What is the density of tree hosts needed to sustain viability of the populations of all taxa?
What is the range of suitable microclimate conditions, particularly humidity, soil moisture, and soil temperature for these taxa?
What is the relationship of stand age to population viability for all taxa?

C. Monitoring Needs and Recommendations

Known sites on Federal land of all taxa should be revisited periodically to assess compliance with management guidelines and evaluate impacts.

VI. REFERENCES

Cázares, E., J. García, J. Castillo, and Trappe, J.M. 1992. Hypogeous fungi from northern Mexico. Mycologia 84:341-359.

Dodge, C.W., and Zeller, S.M. 1934. Hymenogaster and related genera. Ann. Mo. Bot. Gard. 21:625-708.

Gulden, G., K. Hoiland, K. Bendiksen, T.E. Brandrud, B.S. Foss, H.B. Jenssen, and D. Laber. 1992. Macromycetes and Air Pollution: Mycocoenological studies in three oligotrophic spruce forests in Europe. Bibliotheca Mycologica 144: 1-81.

Harkness, H.W. 1899. Californian hypogeous fungi. Proc. Calif. Acad. Sci. Third series 1(8) 241-292.

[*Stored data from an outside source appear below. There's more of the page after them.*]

theorem lemma17:
  fixes p :: nat and nabs :: "'a::field_char_0 \<Rightarrow> real" and l :: nat and b :: rat
  assumes "prime p" and "p \<notin> {2, 3, 11}"
    and "Cp_like p nabs"
    and "l < tribN p nabs"
    and "\<not> int p dvd snd (quotient_of b)"
    and "f_ell p nabs l (of_rat b) = 0"
  shows "twisted_rational_zero TYPE('a) (of_nat l + of_nat (tribN p nabs) * b)"
proof -
  have "odd p"
    using assms(1,2) prime_ge_2_nat[of p] by (intro prime_odd_nat) auto
  then interpret padic_field nabs p
    using assms(1,3) by (intro Cp_like_imp_padic_field)
  define N where "N = tribN p nabs"
  obtain s m where b: "quotient_of b = (s, m)"
    by fastforce
  define \<mu> where "\<mu> x = x ^ l * pexp nabs (of_rat b * plog nabs (x ^ N))" for x :: 'a
  obtain m' where m': "m = int m'" and "0 < m'"
    using pos_int_cases[OF quotient_of_denom_pos[OF b]] by blast
  have "\<mu> x ^ m' = x powi (int l * int m' + int N * s)" if "x \<in> Lam" for x
  proof -
    have "x \<noteq> 0"
      using that by (auto simp: Lam_def tribP_def)
    have "nabs (x ^ N - 1) \<le> 1 / real p"
      using tribN_spec that unfolding N_def by blast
    then have "\<mu> x ^ m' = (x ^ l) ^ m' * (x ^ N) powi s"
      unfolding \<mu>_def power_mult_distrib
      using pexp_rat_mult_plog_power[OF _ b assms(5)[unfolded b snd_conv]] m' by simp
    also have "\<dots> = x powi (int l * int m' + int N * s)"
      using \<open>x \<noteq> 0\<close> by (simp add: power_int_add power_int_mult)
    finally show ?thesis .
  qed
  moreover have "(\<Sum>x\<in>Lam. cc x * \<mu> x) = 0"
    using assms(6) unfolding f_ell_def \<mu>_def N_def by (simp add: ac_simps)
  moreover have "of_nat l + of_nat N * b = of_int (int l * int m' + int N * s) / of_nat m'"
    using quotient_of_div[OF b] quotient_of_denom_pos[OF b] m' by (simp add: field_simps)
  moreover have "\<forall>q::'a poly. 0 < degree q \<longrightarrow> (\<exists>x. poly q x = 0)"
    using assms(3) unfolding Cp_like_def by blast
  ultimately show ?thesis
    using \<open>0 < m'\<close> unfolding N_def[symmetric]
    by (intro twisted_rational_zeroI[where k = m' and A = "int l * int m' + int N * s"]) simp_all
qed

Miller, Jr., O.K., and Trappe, J.M. 1970. A new Chroogomphus with loculate hymenium and a revised key to section Floccigomphus. Mycologia 62:831-836.

Pilat, A. 1953. Sydowia 7:10.

Singer, R. and Smith, A.H. 1959. Studies on secotiaceous fungi - V. Nivatogastrium gen. nov. Brittonia 11: 224-228.

Trog, J.G. 1857. Naturforsch. Ges. Bern Mitt. p. 43.

Zeller, S.M., and Dodge, C.W. 1924. Leucogaster and Leucophleps in North America. Ann. Mo. Bot. Gard. 11:389-410.